§ PROMPT
Word for word, transcribe the data below from the line with "unfolding u_def using c[of" to the line with "i) \<and> r n", keeping both of those lines.

§ EXERCISE MATERIAL
+ + + + + + +

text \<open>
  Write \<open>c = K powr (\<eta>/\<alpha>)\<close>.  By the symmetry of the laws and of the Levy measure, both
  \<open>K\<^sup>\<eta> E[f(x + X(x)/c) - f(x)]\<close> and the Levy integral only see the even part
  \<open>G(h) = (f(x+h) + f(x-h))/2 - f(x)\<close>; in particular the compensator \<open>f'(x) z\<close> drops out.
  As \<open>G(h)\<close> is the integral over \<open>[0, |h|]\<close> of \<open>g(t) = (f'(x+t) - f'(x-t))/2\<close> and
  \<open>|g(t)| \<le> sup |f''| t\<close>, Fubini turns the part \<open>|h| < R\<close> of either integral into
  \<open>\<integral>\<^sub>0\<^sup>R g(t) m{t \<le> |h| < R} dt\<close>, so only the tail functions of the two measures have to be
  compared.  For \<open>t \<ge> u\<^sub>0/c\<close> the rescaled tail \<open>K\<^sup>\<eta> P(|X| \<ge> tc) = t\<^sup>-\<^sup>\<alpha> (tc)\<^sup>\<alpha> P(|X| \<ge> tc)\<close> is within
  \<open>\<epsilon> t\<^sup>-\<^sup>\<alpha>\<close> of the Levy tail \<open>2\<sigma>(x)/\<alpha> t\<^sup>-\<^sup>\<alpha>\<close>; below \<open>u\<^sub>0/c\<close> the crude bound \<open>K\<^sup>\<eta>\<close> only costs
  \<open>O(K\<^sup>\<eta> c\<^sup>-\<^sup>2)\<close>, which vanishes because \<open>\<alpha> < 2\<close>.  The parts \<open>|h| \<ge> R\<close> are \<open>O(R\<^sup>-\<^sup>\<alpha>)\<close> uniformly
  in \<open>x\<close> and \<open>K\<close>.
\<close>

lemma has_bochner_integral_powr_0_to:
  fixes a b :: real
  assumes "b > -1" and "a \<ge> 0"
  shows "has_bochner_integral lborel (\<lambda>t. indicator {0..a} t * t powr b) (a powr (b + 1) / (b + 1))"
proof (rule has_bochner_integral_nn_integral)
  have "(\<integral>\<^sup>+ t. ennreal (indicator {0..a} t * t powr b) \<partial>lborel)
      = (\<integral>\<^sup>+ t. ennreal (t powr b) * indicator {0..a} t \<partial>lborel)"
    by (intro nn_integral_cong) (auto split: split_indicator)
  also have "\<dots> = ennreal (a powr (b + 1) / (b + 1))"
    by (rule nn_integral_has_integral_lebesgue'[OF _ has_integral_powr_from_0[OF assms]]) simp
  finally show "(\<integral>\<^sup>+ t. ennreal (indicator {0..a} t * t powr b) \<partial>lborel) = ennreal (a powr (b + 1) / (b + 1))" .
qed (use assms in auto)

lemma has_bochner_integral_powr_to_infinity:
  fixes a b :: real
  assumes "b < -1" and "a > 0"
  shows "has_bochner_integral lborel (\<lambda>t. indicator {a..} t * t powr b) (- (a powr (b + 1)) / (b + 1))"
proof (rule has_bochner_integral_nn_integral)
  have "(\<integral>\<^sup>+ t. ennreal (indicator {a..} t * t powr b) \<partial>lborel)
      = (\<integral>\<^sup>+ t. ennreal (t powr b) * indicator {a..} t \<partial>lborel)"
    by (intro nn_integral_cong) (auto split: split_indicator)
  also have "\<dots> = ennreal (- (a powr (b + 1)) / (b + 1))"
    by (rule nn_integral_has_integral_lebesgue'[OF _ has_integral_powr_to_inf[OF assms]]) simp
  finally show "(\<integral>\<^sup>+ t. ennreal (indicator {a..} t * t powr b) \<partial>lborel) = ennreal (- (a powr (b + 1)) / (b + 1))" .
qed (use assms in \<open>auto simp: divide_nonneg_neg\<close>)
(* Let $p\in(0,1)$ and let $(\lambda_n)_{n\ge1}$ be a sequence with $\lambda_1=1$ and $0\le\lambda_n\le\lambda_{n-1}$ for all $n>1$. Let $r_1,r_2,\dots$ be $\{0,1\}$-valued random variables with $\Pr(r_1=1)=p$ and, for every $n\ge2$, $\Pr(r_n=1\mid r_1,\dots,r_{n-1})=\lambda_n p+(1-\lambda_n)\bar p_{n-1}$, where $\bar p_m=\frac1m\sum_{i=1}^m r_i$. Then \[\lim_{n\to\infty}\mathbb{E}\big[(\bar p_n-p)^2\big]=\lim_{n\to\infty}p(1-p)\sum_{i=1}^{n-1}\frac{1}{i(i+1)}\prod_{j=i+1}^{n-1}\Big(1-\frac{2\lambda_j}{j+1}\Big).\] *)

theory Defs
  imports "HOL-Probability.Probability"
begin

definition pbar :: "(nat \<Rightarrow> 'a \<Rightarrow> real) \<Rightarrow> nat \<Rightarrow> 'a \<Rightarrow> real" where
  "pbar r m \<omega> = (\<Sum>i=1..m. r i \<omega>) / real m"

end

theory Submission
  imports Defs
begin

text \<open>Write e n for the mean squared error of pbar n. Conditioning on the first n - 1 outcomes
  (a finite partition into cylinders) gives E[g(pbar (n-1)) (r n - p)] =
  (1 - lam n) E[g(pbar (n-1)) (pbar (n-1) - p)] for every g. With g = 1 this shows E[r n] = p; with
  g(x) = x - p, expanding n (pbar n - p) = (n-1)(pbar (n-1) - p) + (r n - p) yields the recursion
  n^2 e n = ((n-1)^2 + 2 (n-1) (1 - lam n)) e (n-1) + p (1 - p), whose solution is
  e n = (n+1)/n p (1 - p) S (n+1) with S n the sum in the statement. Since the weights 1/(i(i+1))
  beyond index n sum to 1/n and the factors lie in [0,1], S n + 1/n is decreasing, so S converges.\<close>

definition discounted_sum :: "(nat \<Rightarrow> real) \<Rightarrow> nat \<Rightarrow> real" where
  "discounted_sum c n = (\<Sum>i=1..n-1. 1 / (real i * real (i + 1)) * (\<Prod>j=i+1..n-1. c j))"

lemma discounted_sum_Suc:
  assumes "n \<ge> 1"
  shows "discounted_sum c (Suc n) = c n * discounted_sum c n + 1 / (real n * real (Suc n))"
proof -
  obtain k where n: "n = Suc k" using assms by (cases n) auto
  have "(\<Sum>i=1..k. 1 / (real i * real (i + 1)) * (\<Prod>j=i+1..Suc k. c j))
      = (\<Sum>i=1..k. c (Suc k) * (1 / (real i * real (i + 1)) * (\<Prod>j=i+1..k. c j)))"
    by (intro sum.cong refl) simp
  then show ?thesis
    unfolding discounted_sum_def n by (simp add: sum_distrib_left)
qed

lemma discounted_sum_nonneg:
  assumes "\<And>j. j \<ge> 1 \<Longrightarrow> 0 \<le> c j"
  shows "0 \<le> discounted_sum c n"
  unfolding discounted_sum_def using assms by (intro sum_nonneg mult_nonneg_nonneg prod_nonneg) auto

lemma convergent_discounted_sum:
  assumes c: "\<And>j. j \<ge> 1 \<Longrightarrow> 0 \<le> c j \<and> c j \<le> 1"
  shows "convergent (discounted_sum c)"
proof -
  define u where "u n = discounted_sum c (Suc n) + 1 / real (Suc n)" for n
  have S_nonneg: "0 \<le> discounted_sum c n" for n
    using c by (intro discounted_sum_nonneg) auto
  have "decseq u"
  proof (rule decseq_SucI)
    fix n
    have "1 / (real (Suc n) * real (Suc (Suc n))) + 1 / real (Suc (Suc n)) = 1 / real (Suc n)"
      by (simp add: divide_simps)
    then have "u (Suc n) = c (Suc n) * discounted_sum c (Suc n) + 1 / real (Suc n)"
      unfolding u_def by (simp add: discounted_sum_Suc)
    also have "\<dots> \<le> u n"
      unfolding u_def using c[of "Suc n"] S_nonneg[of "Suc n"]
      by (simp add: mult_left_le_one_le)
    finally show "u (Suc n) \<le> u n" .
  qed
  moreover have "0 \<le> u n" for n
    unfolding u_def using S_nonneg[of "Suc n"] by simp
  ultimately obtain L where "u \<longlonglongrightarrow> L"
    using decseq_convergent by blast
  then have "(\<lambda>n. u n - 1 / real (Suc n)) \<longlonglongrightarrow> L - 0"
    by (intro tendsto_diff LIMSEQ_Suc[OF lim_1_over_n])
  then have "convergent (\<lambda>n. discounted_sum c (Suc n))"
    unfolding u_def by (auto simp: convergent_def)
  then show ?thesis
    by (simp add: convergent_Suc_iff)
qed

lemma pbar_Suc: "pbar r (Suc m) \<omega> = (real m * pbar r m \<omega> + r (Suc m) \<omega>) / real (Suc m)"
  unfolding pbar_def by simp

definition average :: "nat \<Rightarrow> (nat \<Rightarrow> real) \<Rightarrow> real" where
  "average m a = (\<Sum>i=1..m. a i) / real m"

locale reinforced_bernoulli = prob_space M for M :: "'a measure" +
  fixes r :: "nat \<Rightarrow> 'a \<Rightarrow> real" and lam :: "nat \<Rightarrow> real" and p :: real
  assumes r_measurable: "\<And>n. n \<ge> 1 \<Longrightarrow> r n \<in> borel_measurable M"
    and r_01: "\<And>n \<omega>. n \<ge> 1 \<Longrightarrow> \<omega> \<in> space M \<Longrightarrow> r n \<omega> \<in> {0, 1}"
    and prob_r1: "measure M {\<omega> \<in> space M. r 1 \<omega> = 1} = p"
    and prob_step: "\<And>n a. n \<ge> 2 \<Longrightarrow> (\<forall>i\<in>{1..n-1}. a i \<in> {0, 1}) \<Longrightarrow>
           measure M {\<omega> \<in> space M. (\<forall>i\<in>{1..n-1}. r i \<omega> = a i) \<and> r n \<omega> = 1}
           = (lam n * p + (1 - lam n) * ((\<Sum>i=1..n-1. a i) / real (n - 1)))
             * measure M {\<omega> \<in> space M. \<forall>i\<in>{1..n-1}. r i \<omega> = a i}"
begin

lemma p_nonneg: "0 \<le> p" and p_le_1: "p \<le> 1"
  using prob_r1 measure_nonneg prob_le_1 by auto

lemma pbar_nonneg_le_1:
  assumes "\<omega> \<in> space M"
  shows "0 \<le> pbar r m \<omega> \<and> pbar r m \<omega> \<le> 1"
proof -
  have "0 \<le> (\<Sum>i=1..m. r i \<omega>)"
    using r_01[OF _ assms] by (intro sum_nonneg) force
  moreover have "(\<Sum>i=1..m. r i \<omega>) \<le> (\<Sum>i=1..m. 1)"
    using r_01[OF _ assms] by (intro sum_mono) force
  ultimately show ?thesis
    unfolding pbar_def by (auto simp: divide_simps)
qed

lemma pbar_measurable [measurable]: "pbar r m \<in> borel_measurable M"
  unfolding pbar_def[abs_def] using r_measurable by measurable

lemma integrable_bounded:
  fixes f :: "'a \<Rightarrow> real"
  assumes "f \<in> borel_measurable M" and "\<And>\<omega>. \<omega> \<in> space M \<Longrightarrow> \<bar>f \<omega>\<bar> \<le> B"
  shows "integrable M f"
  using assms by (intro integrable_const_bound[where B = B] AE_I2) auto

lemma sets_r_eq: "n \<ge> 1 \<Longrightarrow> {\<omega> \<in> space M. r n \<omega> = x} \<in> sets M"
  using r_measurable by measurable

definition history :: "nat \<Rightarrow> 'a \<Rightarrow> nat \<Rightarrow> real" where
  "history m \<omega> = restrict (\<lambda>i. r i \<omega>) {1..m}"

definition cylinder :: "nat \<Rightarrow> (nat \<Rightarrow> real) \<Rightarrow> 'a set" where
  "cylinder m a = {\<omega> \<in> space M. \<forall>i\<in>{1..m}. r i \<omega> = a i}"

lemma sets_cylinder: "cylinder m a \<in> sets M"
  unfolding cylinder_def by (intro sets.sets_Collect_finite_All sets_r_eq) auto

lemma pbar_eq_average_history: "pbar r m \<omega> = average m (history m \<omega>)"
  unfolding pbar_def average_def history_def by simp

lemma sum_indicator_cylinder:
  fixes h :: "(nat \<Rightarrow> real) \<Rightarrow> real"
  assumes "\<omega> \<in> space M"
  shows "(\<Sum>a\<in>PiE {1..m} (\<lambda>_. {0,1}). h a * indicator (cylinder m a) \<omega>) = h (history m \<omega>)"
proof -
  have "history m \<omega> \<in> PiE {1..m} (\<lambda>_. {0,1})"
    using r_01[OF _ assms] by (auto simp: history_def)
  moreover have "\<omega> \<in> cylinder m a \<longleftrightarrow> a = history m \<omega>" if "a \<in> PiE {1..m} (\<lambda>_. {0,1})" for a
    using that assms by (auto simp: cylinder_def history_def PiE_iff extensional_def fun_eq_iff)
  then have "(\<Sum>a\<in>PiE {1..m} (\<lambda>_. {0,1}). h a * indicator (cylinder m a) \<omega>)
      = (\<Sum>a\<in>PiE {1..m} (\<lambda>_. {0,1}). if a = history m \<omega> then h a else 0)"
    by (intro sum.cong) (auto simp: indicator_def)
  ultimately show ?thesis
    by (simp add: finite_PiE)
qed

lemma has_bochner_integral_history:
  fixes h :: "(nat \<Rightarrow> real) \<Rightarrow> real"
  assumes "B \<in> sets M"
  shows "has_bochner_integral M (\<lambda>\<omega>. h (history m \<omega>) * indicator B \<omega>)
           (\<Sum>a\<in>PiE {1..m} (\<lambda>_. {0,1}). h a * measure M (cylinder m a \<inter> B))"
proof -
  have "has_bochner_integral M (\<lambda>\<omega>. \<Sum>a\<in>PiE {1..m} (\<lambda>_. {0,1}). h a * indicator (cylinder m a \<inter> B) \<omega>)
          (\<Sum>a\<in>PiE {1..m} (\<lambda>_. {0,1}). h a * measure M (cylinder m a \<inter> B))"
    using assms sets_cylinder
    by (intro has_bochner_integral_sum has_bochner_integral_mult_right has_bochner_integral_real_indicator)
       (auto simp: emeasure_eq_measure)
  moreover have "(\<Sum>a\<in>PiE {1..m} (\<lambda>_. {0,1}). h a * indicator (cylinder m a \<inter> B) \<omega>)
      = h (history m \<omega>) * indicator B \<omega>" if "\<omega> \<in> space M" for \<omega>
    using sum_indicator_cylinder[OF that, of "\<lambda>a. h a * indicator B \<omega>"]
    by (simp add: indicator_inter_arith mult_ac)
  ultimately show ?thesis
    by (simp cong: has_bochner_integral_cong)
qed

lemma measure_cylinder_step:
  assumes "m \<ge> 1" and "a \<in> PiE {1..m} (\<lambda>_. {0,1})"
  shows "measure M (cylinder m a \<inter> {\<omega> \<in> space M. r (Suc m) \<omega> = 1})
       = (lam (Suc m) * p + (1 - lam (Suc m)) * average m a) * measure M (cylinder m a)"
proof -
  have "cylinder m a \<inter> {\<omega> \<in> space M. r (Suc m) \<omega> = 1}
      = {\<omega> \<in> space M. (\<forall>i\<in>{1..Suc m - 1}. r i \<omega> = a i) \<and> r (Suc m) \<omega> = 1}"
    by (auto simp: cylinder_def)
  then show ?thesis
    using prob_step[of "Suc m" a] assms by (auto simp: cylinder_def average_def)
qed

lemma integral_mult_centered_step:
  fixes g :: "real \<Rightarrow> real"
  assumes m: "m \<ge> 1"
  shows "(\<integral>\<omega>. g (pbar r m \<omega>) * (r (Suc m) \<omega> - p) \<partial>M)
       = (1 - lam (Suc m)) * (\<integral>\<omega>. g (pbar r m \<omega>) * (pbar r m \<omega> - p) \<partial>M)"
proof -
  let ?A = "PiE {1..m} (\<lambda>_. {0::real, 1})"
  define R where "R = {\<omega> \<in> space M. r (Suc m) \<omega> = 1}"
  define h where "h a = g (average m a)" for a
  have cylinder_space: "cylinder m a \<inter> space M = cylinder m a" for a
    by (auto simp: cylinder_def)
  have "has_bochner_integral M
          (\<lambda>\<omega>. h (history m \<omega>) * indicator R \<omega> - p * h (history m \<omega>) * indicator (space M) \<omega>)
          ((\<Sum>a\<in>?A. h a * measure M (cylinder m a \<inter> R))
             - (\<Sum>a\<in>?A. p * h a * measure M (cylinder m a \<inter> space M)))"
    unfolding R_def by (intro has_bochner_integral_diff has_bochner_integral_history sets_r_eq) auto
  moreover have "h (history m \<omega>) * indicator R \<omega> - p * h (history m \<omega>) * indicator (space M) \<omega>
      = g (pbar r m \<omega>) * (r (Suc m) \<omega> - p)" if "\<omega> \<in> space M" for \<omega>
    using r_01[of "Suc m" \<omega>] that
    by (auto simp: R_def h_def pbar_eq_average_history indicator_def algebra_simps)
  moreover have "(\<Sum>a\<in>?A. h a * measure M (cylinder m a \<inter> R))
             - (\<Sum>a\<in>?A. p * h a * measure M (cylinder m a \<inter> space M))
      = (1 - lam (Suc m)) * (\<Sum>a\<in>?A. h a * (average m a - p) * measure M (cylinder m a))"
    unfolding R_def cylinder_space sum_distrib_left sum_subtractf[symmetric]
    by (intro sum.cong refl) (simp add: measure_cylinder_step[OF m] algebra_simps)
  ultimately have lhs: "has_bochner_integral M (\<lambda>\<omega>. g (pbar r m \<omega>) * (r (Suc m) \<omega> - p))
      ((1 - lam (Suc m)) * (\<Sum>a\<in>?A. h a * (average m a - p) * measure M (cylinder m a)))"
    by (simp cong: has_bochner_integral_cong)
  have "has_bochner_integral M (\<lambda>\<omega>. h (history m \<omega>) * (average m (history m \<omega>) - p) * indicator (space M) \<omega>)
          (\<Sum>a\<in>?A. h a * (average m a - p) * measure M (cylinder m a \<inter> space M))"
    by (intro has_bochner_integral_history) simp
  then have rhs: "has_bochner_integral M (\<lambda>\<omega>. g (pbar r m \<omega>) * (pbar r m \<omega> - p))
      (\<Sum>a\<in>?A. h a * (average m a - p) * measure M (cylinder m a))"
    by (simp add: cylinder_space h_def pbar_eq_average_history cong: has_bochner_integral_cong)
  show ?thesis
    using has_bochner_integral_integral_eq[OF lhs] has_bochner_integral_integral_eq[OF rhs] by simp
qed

+ + + + + + +

§ ANSWER SECTION
      unfolding u_def using c[of "Suc n"] S_nonneg[of "Suc n"]
      by (simp add: mult_left_le_one_le)
    finally show "u (Suc n) \<le> u n" .
  qed
  moreover have "0 \<le> u n" for n
    unfolding u_def using S_nonneg[of "Suc n"] by simp
  ultimately obtain L where "u \<longlonglongrightarrow> L"
    using decseq_convergent by blast
  then have "(\<lambda>n. u n - 1 / real (Suc n)) \<longlonglongrightarrow> L - 0"
    by (intro tendsto_diff LIMSEQ_Suc[OF lim_1_over_n])
  then have "convergent (\<lambda>n. discounted_sum c (Suc n))"
    unfolding u_def by (auto simp: convergent_def)
  then show ?thesis
    by (simp add: convergent_Suc_iff)
qed

lemma pbar_Suc: "pbar r (Suc m) \<omega> = (real m * pbar r m \<omega> + r (Suc m) \<omega>) / real (Suc m)"
  unfolding pbar_def by simp

definition average :: "nat \<Rightarrow> (nat \<Rightarrow> real) \<Rightarrow> real" where
  "average m a = (\<Sum>i=1..m. a i) / real m"

locale reinforced_bernoulli = prob_space M for M :: "'a measure" +
  fixes r :: "nat \<Rightarrow> 'a \<Rightarrow> real" and lam :: "nat \<Rightarrow> real" and p :: real
  assumes r_measurable: "\<And>n. n \<ge> 1 \<Longrightarrow> r n \<in> borel_measurable M"
    and r_01: "\<And>n \<omega>. n \<ge> 1 \<Longrightarrow> \<omega> \<in> space M \<Longrightarrow> r n \<omega> \<in> {0, 1}"
    and prob_r1: "measure M {\<omega> \<in> space M. r 1 \<omega> = 1} = p"
    and prob_step: "\<And>n a. n \<ge> 2 \<Longrightarrow> (\<forall>i\<in>{1..n-1}. a i \<in> {0, 1}) \<Longrightarrow>
           measure M {\<omega> \<in> space M. (\<forall>i\<in>{1..n-1}. r i \<omega> = a i) \<and> r n \<omega> = 1}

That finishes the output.